Task brief: Across the data below, how many lines have the word "proof" in them? Give the number and nothing else.

:: Data ::

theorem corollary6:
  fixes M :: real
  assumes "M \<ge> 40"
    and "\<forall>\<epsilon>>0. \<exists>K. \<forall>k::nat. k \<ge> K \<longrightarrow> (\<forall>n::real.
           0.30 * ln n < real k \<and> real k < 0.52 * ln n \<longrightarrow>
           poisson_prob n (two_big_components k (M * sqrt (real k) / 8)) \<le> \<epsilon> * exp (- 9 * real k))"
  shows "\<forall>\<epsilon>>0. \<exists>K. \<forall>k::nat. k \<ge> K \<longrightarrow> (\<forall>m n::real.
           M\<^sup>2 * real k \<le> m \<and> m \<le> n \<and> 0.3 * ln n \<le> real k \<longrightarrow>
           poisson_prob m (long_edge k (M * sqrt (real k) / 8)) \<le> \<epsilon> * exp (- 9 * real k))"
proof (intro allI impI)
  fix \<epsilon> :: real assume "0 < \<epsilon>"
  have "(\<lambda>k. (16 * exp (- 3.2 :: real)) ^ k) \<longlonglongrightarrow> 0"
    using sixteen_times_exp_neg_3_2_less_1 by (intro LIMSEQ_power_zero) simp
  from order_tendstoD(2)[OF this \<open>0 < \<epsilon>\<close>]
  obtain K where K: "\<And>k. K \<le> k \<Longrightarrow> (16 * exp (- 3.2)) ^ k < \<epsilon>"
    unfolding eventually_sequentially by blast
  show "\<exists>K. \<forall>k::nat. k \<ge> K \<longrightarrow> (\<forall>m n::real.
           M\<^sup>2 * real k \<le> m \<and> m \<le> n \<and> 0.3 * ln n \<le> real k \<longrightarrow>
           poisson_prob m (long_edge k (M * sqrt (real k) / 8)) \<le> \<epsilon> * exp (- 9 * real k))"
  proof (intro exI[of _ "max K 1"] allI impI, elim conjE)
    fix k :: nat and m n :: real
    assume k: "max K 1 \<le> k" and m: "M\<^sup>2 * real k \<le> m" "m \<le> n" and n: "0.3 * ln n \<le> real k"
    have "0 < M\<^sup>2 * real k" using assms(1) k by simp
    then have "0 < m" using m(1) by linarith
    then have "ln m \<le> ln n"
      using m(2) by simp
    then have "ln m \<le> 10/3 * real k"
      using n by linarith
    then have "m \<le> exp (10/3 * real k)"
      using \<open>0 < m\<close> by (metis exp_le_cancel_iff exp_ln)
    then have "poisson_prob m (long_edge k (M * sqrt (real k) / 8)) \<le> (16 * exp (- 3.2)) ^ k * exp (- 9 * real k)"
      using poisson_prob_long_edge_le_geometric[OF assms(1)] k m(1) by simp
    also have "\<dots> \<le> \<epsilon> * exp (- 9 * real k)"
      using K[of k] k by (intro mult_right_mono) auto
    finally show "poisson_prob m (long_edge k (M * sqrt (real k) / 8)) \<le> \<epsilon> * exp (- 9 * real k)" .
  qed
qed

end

:::

Finished exercise: 2